Until then, we assumed that \(Y=X\beta+\varepsilon\), where \(\E[\varepsilon]=0\) and \(\Var(\varepsilon)= \sigma^2I_n\).

The \(\varepsilon_i\) are uncorrelated but there can be dependency

No assumption was made on the distribution of \(\varepsilon\)

Now (Gaussian Model):

\[\varepsilon \sim \mathcal N(0, \sigma^2I_n) \quad \text{i.e.} \quad Y \sim \mathcal N(X\beta, \sigma^2I_n)\]

Equivalently we assume that the \(\varepsilon_i\)’s are iid \(\mathcal N(0, \sigma^2)\).

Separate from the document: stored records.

text \<open>Some multiple \<open>m x\<close> is an integral combination of \<open>C\<close>; grouping its terms along the
  partition gives components of \<open>m x\<close> lying in \<open>\<langle>C \<inter> D\<rangle>\<^sub>\<int>\<close>, and uniqueness of components in the
  direct sum identifies them with the \<open>m f D\<close>.\<close>

lemma integral_decomposition_component_restrict:
  assumes "finite B" and Q: "integral_decomposition B Q" and "C \<subseteq> B"
    and f: "\<forall>D\<in>Q. f D \<in> completion D" and x: "(\<Sum>D\<in>Q. f D) \<in> completion C"
    and D: "D \<in> Q"
  shows "f D \<in> completion (C \<inter> D)"
proof -
  have finite_C: "finite C"
    using \<open>finite B\<close> \<open>C \<subseteq> B\<close> finite_subset by blast
  have finite_Q: "finite Q"
    using \<open>finite B\<close> Q integral_decomposition_finite by blast
  have Q_parts: "\<Union>Q = B" "\<And>D E. D \<in> Q \<Longrightarrow> E \<in> Q \<Longrightarrow> D \<noteq> E \<Longrightarrow> D \<inter> E = {}"
    using Q unfolding integral_decomposition_iff is_partition_def by auto
  obtain m :: int where m: "m > 0" "m *s (\<Sum>D\<in>Q. f D) \<in> zspan C"
    using completion_multiple_in_zspan[OF finite_C x] by blast
  then obtain k where k: "m *s (\<Sum>D\<in>Q. f D) = (\<Sum>c\<in>C. k c *s c)"
    using ivec.span_finite[OF finite_C] by (auto simp: zspan_eq_span)
  define h where "h E = (\<Sum>c\<in>C \<inter> E. k c *s c)" for E
  have h_zspan: "h E \<in> zspan (C \<inter> E)" for E
    unfolding h_def zspan_eq_span by (intro ivec.span_sum ivec.span_scale ivec.span_base) auto
  have "(\<Sum>E\<in>Q. h E) = (\<Sum>c\<in>(\<Union>E\<in>Q. C \<inter> E). k c *s c)"
    unfolding h_def using finite_Q finite_C Q_parts(2)
    by (intro sum.UNION_disjoint[symmetric]) auto
  also have "(\<Union>E\<in>Q. C \<inter> E) = C"
    using Q_parts(1) \<open>C \<subseteq> B\<close> by auto
  finally have h_sum: "(\<Sum>E\<in>Q. h E) = m *s (\<Sum>E\<in>Q. f E)"
    using k by simp
  have "\<forall>E\<in>Q. m *s f E - h E = 0"
  proof (rule internal_direct_sum_indep)
    show "internal_direct_sum (completion B) Q completion"
      using Q by (simp add: integral_decomposition_iff)
    show "\<forall>E\<in>Q. m *s f E - h E \<in> completion E"
      using f h_zspan zspan_subset_completion completion_mono[of "C \<inter> _"]
      by (blast intro: completion_diff completion_scale)
    show "(\<Sum>E\<in>Q. m *s f E - h E) = 0"
      by (simp add: sum_subtractf h_sum ivec.scale_sum_right)
  qed
  then have "m *s f D \<in> completion (C \<inter> D)"
    using D h_zspan zspan_subset_completion by fastforce
  then show ?thesis
    using m(1) completion_scale_cancel by (metis less_irrefl)
qed
lemma ln_binomial_approx:
  assumes "k \<le> n"
  shows "\<bar>ln (real (n choose k)) - real n * binary_entropy (real k / real n)\<bar>
           \<le> 2 * (ln (real n + 1) + 1)"
proof -
  define e where "e m = ln (fact m) - (real m * ln (real m) - real m)" for m
  define B where "B = ln (real n + 1) + 1"
  have e_bounds: "0 \<le> e m \<and> e m \<le> B" if "m \<le> n" for m
  proof -
    have "ln (real m + 1) \<le> ln (real n + 1)"
      using that by simp
    then show ?thesis
      using stirling_error_bounds[of m] unfolding e_def B_def by linarith
  qed
  have "ln (real (n choose k)) = ln (fact n) - ln (fact k) - ln (fact (n - k))"
    using assms by (simp add: binomial_fact ln_div ln_mult)
  moreover have "real (n - k) = real n - real k"
    using assms by simp
  ultimately have
    "ln (real (n choose k)) - real n * binary_entropy (real k / real n) = e n - e k - e (n - k)"
    unfolding mult_binary_entropy[OF assms] e_def by linarith
  moreover have "\<bar>e n - e k - e (n - k)\<bar> \<le> 2 * B"
    using e_bounds[OF order_refl] e_bounds[OF assms] e_bounds[OF diff_le_self[of n k]] by linarith
  ultimately show ?thesis
    by (simp add: B_def)
qed

lemma ln_trinomial_approx:
  assumes "k0 + k1 \<le> n"
  shows "\<bar>ln (real (n choose (k0 + k1))) + ln (real ((k0 + k1) choose k1))
           - real n * ternary_entropy (real k0 / real n) (real k1 / real n)\<bar> \<le> 4 * (ln (real n + 1) + 1)"
proof -
  define s where "s = k0 + k1"
  define B where "B = ln (real n + 1) + 1"
  have chain: "real n * ternary_entropy (real k0 / real n) (real k1 / real n)
      = real n * binary_entropy (real s / real n) + real s * binary_entropy (real k1 / real s)"
  proof (cases "n = 0")
    case False
    have "real k0 / real n + real k1 / real n = real s / real n"
      by (simp add: s_def add_divide_distrib)
    moreover have "(real k1 / real n) / (real s / real n) = real k1 / real s"
      using False by simp
    ultimately have "ternary_entropy (real k0 / real n) (real k1 / real n)
        = binary_entropy (real s / real n) + real s / real n * binary_entropy (real k1 / real s)"
      using entropy_chain_rule[of "real k0 / real n" "real k1 / real n"] False by simp
    then show ?thesis
      using False by (simp add: distrib_left)
  qed (use assms s_def in simp)
  have "\<bar>ln (real (n choose s)) - real n * binary_entropy (real s / real n)\<bar> \<le> 2 * B"
    using ln_binomial_approx[of s n] assms by (simp add: s_def B_def)
  moreover have "\<bar>ln (real (s choose k1)) - real s * binary_entropy (real k1 / real s)\<bar> \<le> 2 * B"
  proof -
    have "\<bar>ln (real (s choose k1)) - real s * binary_entropy (real k1 / real s)\<bar>
        \<le> 2 * (ln (real s + 1) + 1)"
      by (rule ln_binomial_approx) (simp add: s_def)
    moreover have "ln (real s + 1) \<le> ln (real n + 1)"
      using assms by (simp add: s_def)
    ultimately show ?thesis
      unfolding B_def by argo
  qed
  ultimately show ?thesis
    unfolding chain s_def[symmetric] B_def[symmetric] by linarith
qed
(* Let $0<\delta\leqslant 2^{-20}$, let $\xi$ be a real number with $\inf_{n\in\mathbb{N}}n\|n\xi\|\geqslant\delta$, and let $\alpha_1,\alpha_2,\beta_1,\beta_2\in[0,1]$ with $\alpha_1+\beta_1=\alpha_2+\beta_2=1$ and $\alpha_1=\max\{\alpha_1,\alpha_2\}$. Let $q$ be a positive integer, $q_1=\left[\frac{q^2}{\delta}\log\frac{q^2}{\delta}\right]+1$ and $q_2=\left[\frac{q_1^2}{\delta}\log\frac{q_1^2}{\delta}\right]+1$. If $$\mu(B_{q_1})\geqslant\frac{\mu(B_q)}{2}>0,$$ then $$\mu(B_{q_2})\geqslant\frac{\mu(B_{q_1})}{2}.$$
   Context: $\|t\|$ is the distance to the nearest integer, $\log$ the natural logarithm, $[\cdot]$ the integer part, $\mu$ Lebesgue measure. For $\alpha\in[0,1]$, integers $x\geqslant1$ and $0\leqslant y\leqslant x$ let $E_\alpha(x,y)=\big(\frac{y}{x}-\frac{\delta}{x^{1+\alpha}(\log(x+1))^\alpha},\ \frac{y}{x}+\frac{\delta}{x^{1+\alpha}(\log(x+1))^\alpha}\big)$ and $E_\alpha(x)=\bigcup_{y=0}^x E_\alpha(x,y)\cap[0,1]$. Let $l(x,\alpha)=\left[\log\big(x^{1+\alpha}(\log(x+1))^\alpha/(2\delta)\big)/\log 2\right]$. Let $A^c_\alpha(x)$ be the union of all closed dyadic intervals $[a/2^{l(x,\alpha)},(a+1)/2^{l(x,\alpha)}]\subseteq[0,1]$, $a\in\mathbb{Z}$, whose interior is disjoint from $E_\alpha(x)$, and $A_\alpha(x)=[0,1]\setminus A^c_\alpha(x)$ (so $A_\alpha(x)$ is the smallest union of dyadic intervals of length $2^{-l(x,\alpha)}$ covering $E_\alpha(x)$). For $\beta\in[0,1]$ and $q\geqslant1$ let $K^{(\beta)}_\xi(0,q)=\{x\in\mathbb{N}:\ 0<x\leqslant q,\ \|x\xi\|\leqslant\delta/(x\log(x+1))^\beta\}$, and $$B_q=\Big(\bigcap_{x\in K^{(\beta_1)}_\xi(0,q)}A^c_{\alpha_1}(x)\Big)\cap\Big(\bigcap_{x\in K^{(\beta_2)}_\xi(0,q)}A^c_{\alpha_2}(x)\Big)$$ (intersections over an empty index set being $[0,1]$). *)

theory Defs
  imports "HOL-Analysis.Analysis"
begin

definition dnint :: "real \<Rightarrow> real" where
  "dnint t = \<bar>t - of_int (round t)\<bar>"

definition Erad :: "real \<Rightarrow> real \<Rightarrow> nat \<Rightarrow> real" where
  "Erad \<delta> \<alpha> x = \<delta> / (real x powr (1 + \<alpha>) * ln (real x + 1) powr \<alpha>)"

definition Eint :: "real \<Rightarrow> real \<Rightarrow> nat \<Rightarrow> nat \<Rightarrow> real set" where
  "Eint \<delta> \<alpha> x y = {real y / real x - Erad \<delta> \<alpha> x <..< real y / real x + Erad \<delta> \<alpha> x}"

definition Eset :: "real \<Rightarrow> real \<Rightarrow> nat \<Rightarrow> real set" where
  "Eset \<delta> \<alpha> x = (\<Union>y\<in>{0..x}. Eint \<delta> \<alpha> x y) \<inter> {0..1}"

definition lexp :: "real \<Rightarrow> real \<Rightarrow> nat \<Rightarrow> int" where
  "lexp \<delta> \<alpha> x = \<lfloor>ln (real x powr (1 + \<alpha>) * ln (real x + 1) powr \<alpha> / (2 * \<delta>)) / ln 2\<rfloor>"

definition dyad :: "int \<Rightarrow> int \<Rightarrow> real set" where
  "dyad l a = {real_of_int a / 2 powr real_of_int l .. (real_of_int a + 1) / 2 powr real_of_int l}"

definition dyad_int :: "int \<Rightarrow> int \<Rightarrow> real set" where
  "dyad_int l a = {real_of_int a / 2 powr real_of_int l <..< (real_of_int a + 1) / 2 powr real_of_int l}"

definition Acomp :: "real \<Rightarrow> real \<Rightarrow> nat \<Rightarrow> real set" where
  "Acomp \<delta> \<alpha> x = \<Union>{dyad (lexp \<delta> \<alpha> x) a | a.
        dyad (lexp \<delta> \<alpha> x) a \<subseteq> {0..1} \<and> dyad_int (lexp \<delta> \<alpha> x) a \<inter> Eset \<delta> \<alpha> x = {}}"

definition Kset :: "real \<Rightarrow> real \<Rightarrow> real \<Rightarrow> nat \<Rightarrow> nat set" where
  "Kset \<delta> \<xi> \<beta> q = {x. 0 < x \<and> x \<le> q \<and>
      dnint (real x * \<xi>) \<le> \<delta> / (real x * ln (real x + 1)) powr \<beta>}"

text \<open>B_q (empty intersections are [0,1], hence the intersection with [0,1]).\<close>
definition Bset :: "real \<Rightarrow> real \<Rightarrow> real \<Rightarrow> real \<Rightarrow> real \<Rightarrow> real \<Rightarrow> nat \<Rightarrow> real set" where
  "Bset \<delta> \<xi> \<alpha>1 \<beta>1 \<alpha>2 \<beta>2 q =
     {0..1} \<inter> (\<Inter>x\<in>Kset \<delta> \<xi> \<beta>1 q. Acomp \<delta> \<alpha>1 x) \<inter> (\<Inter>x\<in>Kset \<delta> \<xi> \<beta>2 q. Acomp \<delta> \<alpha>2 x)"

definition qnext :: "real \<Rightarrow> nat \<Rightarrow> nat" where
  "qnext \<delta> q = nat \<lfloor>(real q ^ 2 / \<delta>) * ln (real q ^ 2 / \<delta>)\<rfloor> + 1"

end

theory Submission
  imports Defs
begin
(* Consider the IMAB model with $K\ge 2$ arms and finite alphabets $\mathcal{X}_1,\ldots,\mathcal{X}_K$, and run the generic UCB algorithm with the plug-in estimator $\hat H(\boldsymbol Y,n)=H(\hat p(\boldsymbol Y,n))$, the upper confidence deviation $\mathrm{UCD}(\boldsymbol Y,\delta,n)=\log\bigl(1+\frac{|\mathcal{X}_i|-1}{n}\bigr)+\sqrt{\frac{2\log^2(n)}{n}\log(\frac{2}{\delta})}$ for arm $i$, and $\delta_\alpha(t)=t^{-\alpha}$ with $\alpha>2$. Let $\beta\in(0,1)$. Then for every $t\ge1$, \[ R(t)\leq \sum_{i\in[K]:\Delta_i>0}\Bigl[\Gamma_{\mathrm{bias}}(\alpha,\beta,\mathcal{X}_i,\Delta_i,t)\,\Delta_i+\frac{2(\alpha-1)}{\alpha-2}\Delta_i\Bigr], \] where $\Gamma_{\mathrm{bias}}(\alpha,\beta,\mathcal{Y},\Delta,t):=\max\bigl\{\frac{|\mathcal{Y}|-1}{e^{\beta\Delta/2}-1},\,15\Lambda_2\bigl(\frac{8\log(2t^\alpha)}{(1-\beta)^2\Delta^2}\bigr)\bigr\}$.
   Context: IMAB model: there are $K\ge2$ arms; arm $i$ emits i.i.d. symbols from an unknown PMF $p_i$ on a finite alphabet $\mathcal{X}_i$, independently across rounds and arms. $H_i:=H(p_i)=-\sum_x p_i(x)\log p_i(x)$ (natural log), $i^*\in\arg\max_i H_i$, $\Delta_i:=H_{i^*}-H_i$. Generic UCB algorithm: given an estimator $\hat H(\boldsymbol Y,n)$, an upper confidence deviation $\mathrm{UCD}(\boldsymbol Y,\delta,n)$ and a confidence function $\delta_\alpha(t)$, at each round $t=1,2,\ldots$ the player plays $I(t)\in\arg\max_{i\in[K]}\{\hat H(\boldsymbol X_i(t-1),N_i(t-1))+\mathrm{UCD}(\boldsymbol X_i(t-1),\delta_\alpha(t),N_i(t-1))\}$ (ties broken arbitrarily; an arm whose index is undefined, e.g. with $N_i(t-1)=0$, is treated as having index $+\infty$), where $\boldsymbol X_i(t-1)$ is the tuple of symbols observed from arm $i$ before round $t$ and $N_i(t-1)$ its length; it then observes a fresh symbol from $p_{I(t)}$, appended to $\boldsymbol X_{I(t)}$. $N_i(t)$ is the number of plays of arm $i$ in rounds $1,\ldots,t$. Pseudo-regret: $R(t):=\sum_{i:\Delta_i>0}\mathbb{E}[N_i(t)]\Delta_i$. Plug-in estimator: $\hat p(\boldsymbol Y,n)(y)=\frac1n\sum_{\ell=1}^n\mathbb{1}\{Y_\ell=y\}$ and $\hat H=H(\hat p)$. $\Lambda_k(s):=s\log^k s$. *)

theory Defs
  imports "HOL-Probability.Probability"
begin

definition shannon_H :: "('a \<Rightarrow> real) \<Rightarrow> 'a set \<Rightarrow> real" where
  "shannon_H f S = - (\<Sum>x\<in>S. f x * ln (f x))"

definition pmf_entropy :: "'a pmf \<Rightarrow> real" where
  "pmf_entropy p = shannon_H (pmf p) (set_pmf p)"

definition emp_pmf :: "'a list \<Rightarrow> 'a \<Rightarrow> real" where
  "emp_pmf Y y = real (count_list Y y) / real (length Y)"

definition plugin_H :: "'a list \<Rightarrow> real" where
  "plugin_H Y = shannon_H (emp_pmf Y) (set Y)"

definition ucd :: "nat \<Rightarrow> 'a list \<Rightarrow> real \<Rightarrow> real" where
  "ucd m Y \<delta> = (let n = real (length Y) in
     ln (1 + (real m - 1) / n) + sqrt (2 * (ln n)\<^sup>2 / n * ln (2 / \<delta>)))"

definition delta_conf :: "real \<Rightarrow> nat \<Rightarrow> real" where
  "delta_conf \<alpha> t = real t powr (- \<alpha>)"

text \<open>History: list of (arm, observed symbol) pairs in order of play.
  Observations of arm i extracted from a history.\<close>
definition obs :: "(nat \<times> 'a) list \<Rightarrow> nat \<Rightarrow> 'a list" where
  "obs h i = map snd (filter (\<lambda>(j, _). j = i) h)"

definition ucb_index :: "(nat \<Rightarrow> 'a set) \<Rightarrow> real \<Rightarrow> nat \<Rightarrow> (nat \<times> 'a) list \<Rightarrow> nat \<Rightarrow> ereal" where
  "ucb_index X \<alpha> t h i = (if obs h i = [] then \<infinity>
     else ereal (plugin_H (obs h i) + ucd (card (X i)) (obs h i) (delta_conf \<alpha> t)))"

definition ucb_argmax :: "nat \<Rightarrow> (nat \<Rightarrow> 'a set) \<Rightarrow> real \<Rightarrow> nat \<Rightarrow> (nat \<times> 'a) list \<Rightarrow> nat set" where
  "ucb_argmax K X \<alpha> t h = {i. i < K \<and> (\<forall>j<K. ucb_index X \<alpha> t h j \<le> ucb_index X \<alpha> t h i)}"

text \<open>Run of the algorithm with tie-breaking/choice rule ch (ch t h = arm played in round t
  given history h of rounds 1..t-1), on the reward table \<omega>: the k-th play (k from 0)
  of arm i reveals \<omega> (i, k).\<close>
fun run :: "(nat \<Rightarrow> (nat \<times> 'a) list \<Rightarrow> nat) \<Rightarrow> (nat \<times> nat \<Rightarrow> 'a) \<Rightarrow> nat \<Rightarrow> (nat \<times> 'a) list" where
  "run ch \<omega> 0 = []"
| "run ch \<omega> (Suc t) = (let h = run ch \<omega> t; a = ch (Suc t) h in h @ [(a, \<omega> (a, length (obs h a)))])"

definition plays :: "(nat \<Rightarrow> (nat \<times> 'a) list \<Rightarrow> nat) \<Rightarrow> (nat \<times> nat \<Rightarrow> 'a) \<Rightarrow> nat \<Rightarrow> nat \<Rightarrow> nat" where
  "plays ch \<omega> t i = length (obs (run ch \<omega> t) i)"

definition imab_space :: "(nat \<Rightarrow> 'a pmf) \<Rightarrow> (nat \<times> nat \<Rightarrow> 'a) measure" where
  "imab_space p = PiM UNIV (\<lambda>(i, k). measure_pmf (p i))"

definition max_entropy :: "nat \<Rightarrow> (nat \<Rightarrow> 'a pmf) \<Rightarrow> real" where
  "max_entropy K p = Max ((\<lambda>i. pmf_entropy (p i)) ` {..<K})"

definition gap :: "nat \<Rightarrow> (nat \<Rightarrow> 'a pmf) \<Rightarrow> nat \<Rightarrow> real" where
  "gap K p i = max_entropy K p - pmf_entropy (p i)"

definition pseudo_regret :: "nat \<Rightarrow> (nat \<Rightarrow> 'a pmf) \<Rightarrow> (nat \<Rightarrow> (nat \<times> 'a) list \<Rightarrow> nat) \<Rightarrow> nat \<Rightarrow> real" where
  "pseudo_regret K p ch t =
     (\<Sum>i\<in>{i. i < K \<and> gap K p i > 0}.
        (\<integral>\<omega>. real (plays ch \<omega> t i) \<partial>imab_space p) * gap K p i)"

definition Lambda :: "nat \<Rightarrow> real \<Rightarrow> real" where
  "Lambda k s = s * (ln s) ^ k"

definition Gamma_bias :: "real \<Rightarrow> real \<Rightarrow> 'a set \<Rightarrow> real \<Rightarrow> nat \<Rightarrow> real" where
  "Gamma_bias \<alpha> \<beta> Y \<Delta> t = max ((real (card Y) - 1) / (exp (\<beta> * \<Delta> / 2) - 1))
     (15 * Lambda 2 (8 * ln (2 * real t powr \<alpha>) / ((1 - \<beta>)\<^sup>2 * \<Delta>\<^sup>2)))"

end

theory Submission
  imports Defs
begin

text \<open>A play of a suboptimal arm \<open>i\<close> after \<open>u\<close> earlier plays means that in that round either
  the index of an optimal arm \<open>i\<^sup>*\<close> was below \<open>H\<^sub>i\<^sub>*\<close>, or the index of arm \<open>i\<close>, computed from
  some \<open>s \<ge> u\<close> samples, was at least \<open>H\<^sub>i\<^sub>*\<close>. The plug-in estimator underestimates the entropy
  by at most \<open>ln (1 + (m - 1) / n)\<close> in expectation (Gibbs' inequality, and the bound of the
  Kullback-Leibler divergence by \<open>ln (1 + \<chi>\<^sup>2)\<close>), and one sample changes it by at most
  \<open>2 ln n / n\<close>; so by McDiarmid's inequality each of the two events has probability at most
  \<open>\<delta>(\<tau>) / 2\<close>, once \<open>u \<ge> \<Gamma>\<^sub>b\<^sub>i\<^sub>a\<^sub>s\<close> makes bias plus twice the deviation smaller than the gap.
  Summing over rounds \<open>\<tau>\<close> and sample sizes \<open>s < \<tau>\<close> leaves \<open>\<Sum>\<^sub>\<tau> (\<tau> - 1) \<tau>\<^sup>-\<^sup>\<alpha> \<le> 1 / (\<alpha> - 2)\<close>.\<close>

section \<open>Independent samples\<close>

lemma replicate_pmf_Suc_map:
  "replicate_pmf (Suc n) p = bind_pmf p (\<lambda>x. map_pmf ((#) x) (replicate_pmf n p))"
  by (simp add: map_pmf_def)

lemma finite_set_replicate_pmf:
  "finite (set_pmf p) \<Longrightarrow> finite (set_pmf (replicate_pmf n p))"
  unfolding set_replicate_pmf lists_eq_set
  using finite_lists_length_eq[of "set_pmf p" n] by (simp add: conj_commute)

lemma expectation_replicate_pmf_Suc:
  fixes f :: "'a list \<Rightarrow> real"
  assumes "finite (set_pmf p)"
  shows "measure_pmf.expectation (replicate_pmf (Suc n) p) f =
         measure_pmf.expectation p (\<lambda>x. measure_pmf.expectation (replicate_pmf n p) (\<lambda>xs. f (x # xs)))"
proof -
  have "measure_pmf.expectation (replicate_pmf (Suc n) p) f =
     (\<Sum>x\<in>set_pmf p. pmf p x *\<^sub>R measure_pmf.expectation (map_pmf ((#) x) (replicate_pmf n p)) f)"
    unfolding replicate_pmf_Suc_map
    by (rule pmf_expectation_bind) (auto simp: assms finite_set_replicate_pmf)
  also have "\<dots> = measure_pmf.expectation p (\<lambda>x. measure_pmf.expectation (replicate_pmf n p) (\<lambda>xs. f (x # xs)))"
    by (subst integral_measure_pmf[OF assms]) auto
  finally show ?thesis .
qed

lemma pmf_replicate_pmf:
  "pmf (replicate_pmf n p) xs = (if length xs = n then (\<Prod>x\<leftarrow>xs. pmf p x) else 0)"
proof (induction n arbitrary: xs)
  case 0
  then show ?case by (cases xs) auto
next
  case (Suc n)
  show ?case
  proof (cases xs)
    case Nil
    then show ?thesis by (simp add: pmf_eq_0_set_pmf set_replicate_pmf)
  next
    case (Cons y ys)
    have cons: "pmf (map_pmf ((#) x) (replicate_pmf n p)) (y # ys) = indicator {y} x * pmf (replicate_pmf n p) ys" for x
      by (cases "x = y") (auto simp: pmf_map_inj' inj_on_def pmf_eq_0_set_pmf)
    have "pmf (replicate_pmf (Suc n) p) xs = (\<integral>x. pmf (map_pmf ((#) x) (replicate_pmf n p)) (y # ys) \<partial>measure_pmf p)"
      by (simp only: replicate_pmf_Suc_map pmf_bind Cons)
    also have "\<dots> = (\<integral>x. indicator {y} x * pmf (replicate_pmf n p) ys \<partial>measure_pmf p)"
      by (simp only: cons)
    also have "\<dots> = pmf p y * pmf (replicate_pmf n p) ys"
      by (simp add: measure_pmf_single)
    finally show ?thesis using Suc Cons by auto
  qed
qed
(* Let $1\le i,j\le p$ and $e,e'\in\mathbb{F}_p$. Suppose $\varphi\colon B_{i,e}\to B_{j,e'}$ is a surjective group homomorphism compatible with the projections of both groups onto $G$ (so its kernel lies in the normal subgroup $A/A_i$ and it restricts to a $G$-equivariant surjection $A/A_i\to A/A_j$). Then $i>j$, $e'=0$, and $\ker\varphi=A_j/A_i$. Conversely, for every $i>j\ge1$ and every $e\in\mathbb{F}_p$, the quotient of $B_{i,e}$ by $A_j/A_i$ is $B_{j,0}$, giving such a surjection $B_{i,e}\to B_{j,0}$.
   Context: $p$ is an odd prime and $G=\langle\sigma\rangle$ is cyclic of order $p$. $A=\bigoplus_{k=0}^{p-1}\mathbb{F}_p\tau^k$ is the free $\mathbb{F}_p[G]$-module on $\tau$ with $\sigma$ acting by multiplication by $\tau$; for $1\le i<p$, $A_i$ is the $\mathbb{F}_p$-span of $(\tau-1)^k$, $i\le k\le p-1$, and $A_p=0$. For $1\le i\le p$ and $e\in\mathbb{F}_p$, $B_{i,e}$ denotes the group extension $1\to A/A_i\to B_{i,e}\to G\to1$ (with $A/A_i$ written additively as a normal subgroup) in which conjugation by a lift $\tilde\sigma$ of $\sigma$ acts on $A/A_i$ as multiplication by $\tau$ and $\tilde\sigma^p=e\,\overline{(\tau-1)}^{\,i-1}$; this determines $B_{i,e}$ up to equivalence. $B_{i,0}=(A/A_i)\rtimes G$. *)

theory Defs
  imports "HOL-Algebra.Algebra"
begin

text \<open>Write u = tau - 1, so A = F_p[u]/(u^p) (as (tau-1)^p = tau^p - 1 in
characteristic p) and A_i = u^i A.  An element of A/A_i is encoded by its coordinate function
n \<mapsto> coefficient of u^n (values in {0..p-1}, zero for n \<ge> i).\<close>

definition Aquot :: "nat \<Rightarrow> nat \<Rightarrow> (nat \<Rightarrow> nat) set" where
  "Aquot p i = {a. (\<forall>n. a n < p) \<and> (\<forall>n\<ge>i. a n = 0)}"

definition addA :: "nat \<Rightarrow> (nat \<Rightarrow> nat) \<Rightarrow> (nat \<Rightarrow> nat) \<Rightarrow> (nat \<Rightarrow> nat)" where
  "addA p a b = (\<lambda>n. (a n + b n) mod p)"

text \<open>Multiplication by tau = 1 + u on A/A_i.\<close>
definition tauA :: "nat \<Rightarrow> nat \<Rightarrow> (nat \<Rightarrow> nat) \<Rightarrow> (nat \<Rightarrow> nat)" where
  "tauA p i a = (\<lambda>n. if n < i then (a n + (if n = 0 then 0 else a (n - 1))) mod p else 0)"

definition cocyc :: "nat \<Rightarrow> nat \<Rightarrow> (nat \<Rightarrow> nat)" where
  "cocyc i e = (\<lambda>n. if n = i - 1 then e else 0)"

text \<open>B_{i,e}: the pair (a,k) stands for a * (lift of sigma)^k, 0 \<le> k < p.
  Conjugation by the lift acts as tau, and the p-th power of the lift is e u^(i-1).\<close>
definition multB :: "nat \<Rightarrow> nat \<Rightarrow> nat \<Rightarrow> ((nat \<Rightarrow> nat) \<times> nat) \<Rightarrow> ((nat \<Rightarrow> nat) \<times> nat) \<Rightarrow> ((nat \<Rightarrow> nat) \<times> nat)" where
  "multB p i e x y =
     (addA p (addA p (fst x) ((tauA p i ^^ snd x) (fst y)))
         (if p \<le> snd x + snd y then cocyc i e else (\<lambda>_. 0)),
      (snd x + snd y) mod p)"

In this simpler model, we can do maximum likelihood estimation (MLE)!

Maximum Likelihood Estimation

MLE

Let \(\hat \beta_{MLE}\) and \(\hat \sigma_{MLE}^2\) be the MLE of \(\beta\) and \(\sigma^2\), respectively.

  • \(\hat{\beta}_{MLE} = \hat{\beta}\) et \(\hat{\sigma}^2_{MLE} = \frac{SCR}{n} = \frac{n-p}{n} \hat{\sigma}^2\).

  • \(\hat{\beta} \sim N(\beta, \sigma^2(X^TX)^{-1})\).

  • \(\frac{n-p}{\sigma^2} \hat{\sigma}^2 = \frac{n}{\sigma^2} \hat{\sigma}^2_{MLE} \sim \chi^2(n - p)\).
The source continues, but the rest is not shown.